Cleaner, vinyl preparation spray and dye.

New dash pad with one coat of dye.

Dyeing the Pad

The first step in replacing a dash pad is to dye the pad to match your interior. Dyeing is a simple task, but proper preparation is a must to get the OEM finish and color match. The first step is cleaning the dash pad. MAC’s recommends that Tide powdered laundry detergent be used to clean the dash pad. It has proven to be an effective cleaner to remove any residue due to the manufacturing process and handling. Once the dash pad has dried, a coat of vinyl preparation spray is applied (41-75606), remember it is a good idea to do these steps in a well-ventilated area, wear an approved respirator and vinyl gloves. Vinyl preparation spray is a bonding agent that will lock the vinyl dye to the pad so peeling will not take place. A nice light coat is applied to the entire pad and allowed to dry for about 30 minutes. Once the vinyl preparation spray has dried follow with the color dye to match your interior (many colors available, (Click Here) Spray nice thin coats and allow drying between coats, 10 -15 minutes is enough time between coats. Spray each coat at a 90-degree angle to the previous coat. Apply enough coats to get full coverage, expect about 7-8 to be required. Obviously the final color will affect the number of coats required.

Removal of the Old Pad

The lower edge of the dash pad is retained by chrome trim strips. The trim is retained by spring clips, carefully slide either a trim removal tool or a putty knife under the trim and gently lift to “pop” the trim off. The speaker grill, defroster duct hats and radio speaker also need to be removed. If the defroster duct hats are original, they probably will need to be replaced (you might be lucky if you own an early Falcon, some of them were metal). Remove the end caps on each side of the pad. There are three base of windshield trim pieces that also need to be taken off. Once all the trim is removed, the old dash pad can be lifted to break any glue bond that may exist between the pad and the metal dash. Once the pad is removed, use a solvent cleaner to remove any old adhesive that remained on the metal dash. (Click Here)

Trimming the New Pad

The lower edge of the new dash pad and the defroster/radio speaker area will require trimming. Install the dash pad using some double side carpet tape to keep it from sliding around. Use an Exacto knife to cut the defroster ducts and the speaker holes. Re-install the speaker and defroster duct hats. Installing the speaker grill will hold the dash pad in place. Locate the spring clip trim holes along the lower edge with a scratch awl. Exercise extreme caution as a hole in the wrong location could ruin your new dash pad. Once all the under-dash pad trim holes are located, mount the lower dash trim. Using an Exacto knife CAREFULLY remove the excess dash pad below the trim line. To prevent cutting into the metal dash, I used a piece of plastic milk bottle slipped up under the trim.
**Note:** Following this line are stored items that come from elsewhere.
text \<open>A finite list of pairs gs represents the inverse g = sum g1 (x) g2 of a bilinear form B.\<close>
definition is_form_inverse :: "(complex \<Rightarrow> 'a::ring_1) \<Rightarrow> ('a \<Rightarrow> 'a \<Rightarrow> complex) \<Rightarrow> ('a \<times> 'a) list \<Rightarrow> bool" where
  "is_form_inverse emb B gs \<longleftrightarrow>
     (\<forall>a. (\<Sum>(g1, g2)\<leftarrow>gs. emb (B a g1) * g2) = a \<and>
          (\<Sum>(g1, g2)\<leftarrow>gs. g1 * emb (B g2 a)) = a)"

definition ell :: "('a::ring_1 \<times> 'a) list \<Rightarrow> 'a" where
  "ell gs = (\<Sum>(g1, g2)\<leftarrow>gs. g1 * g2)"

text \<open>Projection onto u_q(sl_2)_0 = span of K^i F^j E^j.\<close>
definition deg0 :: "(complex \<Rightarrow> 'a::ring_1) \<Rightarrow> nat \<Rightarrow> 'a \<Rightarrow> 'a \<Rightarrow> 'a \<Rightarrow> 'a \<Rightarrow> 'a" where
  "deg0 emb n K F E x =
     (\<Sum>m\<in>{m\<in>idx n. fst (snd m) = snd (snd m)}. emb (coord emb n K F E x m) * mono K F E m)"

end

theory Submission
  imports Defs
begin

text \<open>
  Let \<open>g\<^sub>1\<close> be the inverse of the untwisted form \<open>(a, b) = \<integral>ab\<close>. Since
  \<open>(a, b)\<^sub>u = (ua, b)\<close>, the inverse of the twisted form is \<open>\<Sum> g\<^sub>1\<^sup>1 \<otimes> u\<^sup>-\<^sup>1 g\<^sub>1\<^sup>2\<close>, so
  \<open>\<ell>\<^sub>u = \<tau>(u\<^sup>-\<^sup>1)\<close> for the Higman map \<open>\<tau>(x) = \<Sum> g\<^sub>1\<^sup>1 x g\<^sub>1\<^sup>2\<close>. The integral satisfies
  \<open>\<integral>xK = \<integral>Kx\<close>, which makes \<open>\<tau>(Kx) = \<tau>(xK)\<close>. A monomial \<open>x = K\<^sup>iF\<^sup>jE\<^sup>k\<close> satisfies
  \<open>xK = q\<^sup>k\<^sup>-\<^sup>j Kx\<close>, so \<open>\<tau>(Kx) = q\<^sup>k\<^sup>-\<^sup>j \<tau>(Kx)\<close>, and \<open>\<tau>\<close> kills every monomial with
  \<open>j \<noteq> k\<close>. Hence \<open>\<tau>(x)\<close> only depends on the degree-0 component of \<open>x\<close>.
\<close>

lemma sum_list_swap:
  "(\<Sum>x\<leftarrow>xs. \<Sum>y\<leftarrow>ys. f x y) = (\<Sum>y\<leftarrow>ys. \<Sum>x\<leftarrow>xs. f x y :: 'a::comm_monoid_add)"
  by (induction xs) (simp_all add: sum_list_addf)

lemma is_form_inverseD:
  assumes "is_form_inverse emb B gs"
  shows "(\<Sum>p\<leftarrow>gs. emb (B a (fst p)) * snd p) = a"
    and "(\<Sum>p\<leftarrow>gs. fst p * emb (B (snd p) a)) = a"
  using assms unfolding is_form_inverse_def by (simp_all add: case_prod_unfold)

lemma is_form_inverse_ell_unique:
  assumes g: "is_form_inverse emb B gs" and h: "is_form_inverse emb B hs"
  shows "ell gs = ell hs"
proof -
  have "ell gs = (\<Sum>p\<leftarrow>gs. (\<Sum>r\<leftarrow>hs. fst r * emb (B (snd r) (fst p))) * snd p)"
    unfolding ell_def by (simp add: case_prod_unfold is_form_inverseD(2)[OF h])
  also have "\<dots> = (\<Sum>r\<leftarrow>hs. \<Sum>p\<leftarrow>gs. fst r * (emb (B (snd r) (fst p)) * snd p))"
    by (simp add: sum_list_mult_const[symmetric] mult.assoc sum_list_swap[where xs = gs])
  also have "\<dots> = ell hs"
    unfolding ell_def
    by (simp add: case_prod_unfold sum_list_const_mult is_form_inverseD(1)[OF g])
  finally show ?thesis .
qed

lemma is_form_inverse_twist:
  assumes g: "is_form_inverse emb B gs"
    and B': "\<And>a b. B' a b = B (s * a) b"
    and ts: "t * s = 1" and st: "s * t = 1"
    and t_central: "\<And>c. emb c * t = t * emb c"
  shows "is_form_inverse emb B' (map (\<lambda>(a, b). (a, t * b)) gs)"
proof -
  have "(\<Sum>p\<leftarrow>gs. emb (B' a (fst p)) * (t * snd p)) = a" for a
  proof -
    have "(\<Sum>p\<leftarrow>gs. emb (B' a (fst p)) * (t * snd p))
        = t * (\<Sum>p\<leftarrow>gs. emb (B (s * a) (fst p)) * snd p)"
      by (simp add: B' sum_list_const_mult[symmetric] t_central mult.assoc[symmetric])
    also have "\<dots> = a"
      by (simp add: is_form_inverseD(1)[OF g] mult.assoc[symmetric] ts)
    finally show ?thesis .
  qed
  moreover have "B' (t * x) a = B x a" for x a
    by (simp add: B' mult.assoc[symmetric] st)
  ultimately show ?thesis
    unfolding is_form_inverse_def
    by (simp add: case_prod_unfold o_def is_form_inverseD(2)[OF g])
qed

definition higman_map :: "('a::ring_1 \<times> 'a) list \<Rightarrow> 'a \<Rightarrow> 'a" where
  "higman_map gs x = (\<Sum>(g1, g2)\<leftarrow>gs. g1 * x * g2)"

lemma ell_twist: "ell (map (\<lambda>(a, b). (a, t * b)) gs) = higman_map gs t"
  unfolding ell_def higman_map_def by (simp add: case_prod_unfold o_def mult.assoc)

lemma higman_map_add: "higman_map gs (x + y) = higman_map gs x + higman_map gs y"
  unfolding higman_map_def by (simp add: case_prod_unfold algebra_simps sum_list_addf)

lemma higman_map_sum:
  "finite A \<Longrightarrow> higman_map gs (\<Sum>a\<in>A. f a) = (\<Sum>a\<in>A. higman_map gs (f a))"
proof (induction A rule: finite_induct)
  case empty
  show ?case by (simp add: higman_map_def case_prod_unfold)
qed (simp add: higman_map_add)

locale central_embedding =
  fixes emb :: "complex \<Rightarrow> 'a::ring_1"
  assumes emb_add: "emb (x + y) = emb x + emb y"
    and emb_mult: "emb (x * y) = emb x * emb y"
    and emb_one: "emb 1 = 1"
    and emb_central: "emb c * a = a * emb c"
begin

lemma emb_zero: "emb 0 = 0"
  using emb_add[of 0 0] by simp

lemma emb_diff: "emb (x - y) = emb x - emb y"
  using emb_add[of "x - y" y] by (simp add: algebra_simps)

lemma mult_emb_left_commute: "a * (emb c * b) = emb c * (a * b)"
  by (metis emb_central mult.assoc)

lemma emb_fixed_eq_zero:
  assumes "emb r * x = x" and "r \<noteq> 1"
  shows "x = 0"
proof -
  have "emb (1 - r) * x = 0"
    using assms(1) by (simp add: emb_diff emb_one left_diff_distrib)
  then have "emb (inverse (1 - r) * (1 - r)) * x = 0"
    by (simp add: emb_mult mult.assoc)
  then show ?thesis using assms(2) by (simp add: emb_one)
qed

lemma power_skew_commute:
  assumes "x * k = emb c * k * x"
  shows "x ^ m * k = emb (c ^ m) * k * x ^ m"
proof (induction m)
  case 0
  show ?case by (simp add: emb_one)
next
  case (Suc m)
  have "x ^ Suc m * k = x * (emb (c ^ m) * k * x ^ m)"
    by (simp add: Suc mult.assoc)
  also have "\<dots> = emb (c ^ m) * ((x * k) * x ^ m)"
    by (simp add: mult.assoc mult_emb_left_commute)
  also have "\<dots> = (emb (c ^ m) * emb c) * k * (x * x ^ m)"
    by (simp only: assms mult.assoc)
  also have "emb (c ^ m) * emb c = emb (c ^ Suc m)"
    by (simp add: emb_mult[symmetric] mult.commute)
  finally show ?case by simp
qed

lemma higman_map_smult: "higman_map gs (emb c * x) = emb c * higman_map gs x"
  by (induction gs)
    (simp_all add: higman_map_def case_prod_unfold distrib_left mult.assoc mult_emb_left_commute)

lemma higman_map_commute:
  assumes g: "is_form_inverse emb B gs"
    and B_k: "\<And>a b. B b (a * k) = B (k * b) a"
  shows "higman_map gs (k * y) = higman_map gs (y * k)"
proof -
  have "higman_map gs (k * y) = (\<Sum>p\<leftarrow>gs. (fst p * k) * y * snd p)"
    unfolding higman_map_def by (simp add: case_prod_unfold mult.assoc)
  also have "\<dots> = (\<Sum>p\<leftarrow>gs. (\<Sum>r\<leftarrow>gs. fst r * emb (B (snd r) (fst p * k))) * y * snd p)"
    by (simp only: is_form_inverseD(2)[OF g])
  also have "\<dots> = (\<Sum>p\<leftarrow>gs. \<Sum>r\<leftarrow>gs. fst r * y * (emb (B (k * snd r) (fst p)) * snd p))"
    by (simp add: sum_list_mult_const[symmetric] B_k mult.assoc emb_central[of _ y])
  also have "\<dots> = (\<Sum>r\<leftarrow>gs. \<Sum>p\<leftarrow>gs. fst r * y * (emb (B (k * snd r) (fst p)) * snd p))"
    by (rule sum_list_swap)
  also have "\<dots> = higman_map gs (y * k)"
    unfolding higman_map_def
    by (simp add: case_prod_unfold sum_list_const_mult is_form_inverseD(1)[OF g] mult.assoc)
  finally show ?thesis .
qed

lemma ell_eq_higman_map_inverse:
  assumes g: "is_form_inverse emb (\<lambda>a b. \<phi> (a * b)) g"
    and w: "w * w' = 1" "w' * w = 1"
    and gw: "is_form_inverse emb (\<lambda>a b. \<phi> (w * a * b)) gw"
  shows "ell gw = higman_map g w'"
proof -
  have "is_form_inverse emb (\<lambda>a b. \<phi> (w * a * b)) (map (\<lambda>(a, b). (a, w' * b)) g)"
    by (rule is_form_inverse_twist[OF g, where s = w]) (simp_all add: w mult.assoc emb_central)
  then show ?thesis
    using is_form_inverse_ell_unique[OF gw] by (simp add: ell_twist)
qed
The holes for the radio speaker and defroster duct hats are trimmed out

Carefully locate the holes that mount the lower dash pad trim.

The excess material at the bottom of the dash pad is trimmed with an Exacto knife, notice a piece of plastic milk bottle used to protect the metal dash from a score line.

The end caps installed, for a final touch, use stainless steel screws.

If your round body Falcon never had a dash pad installed, holes had to be drilled at each of the masking tape markers. I used a Falcon that had a dash pad and took measurements for each hole. The trim was then placed over the masking tape to confirm the whole locations were close to correct.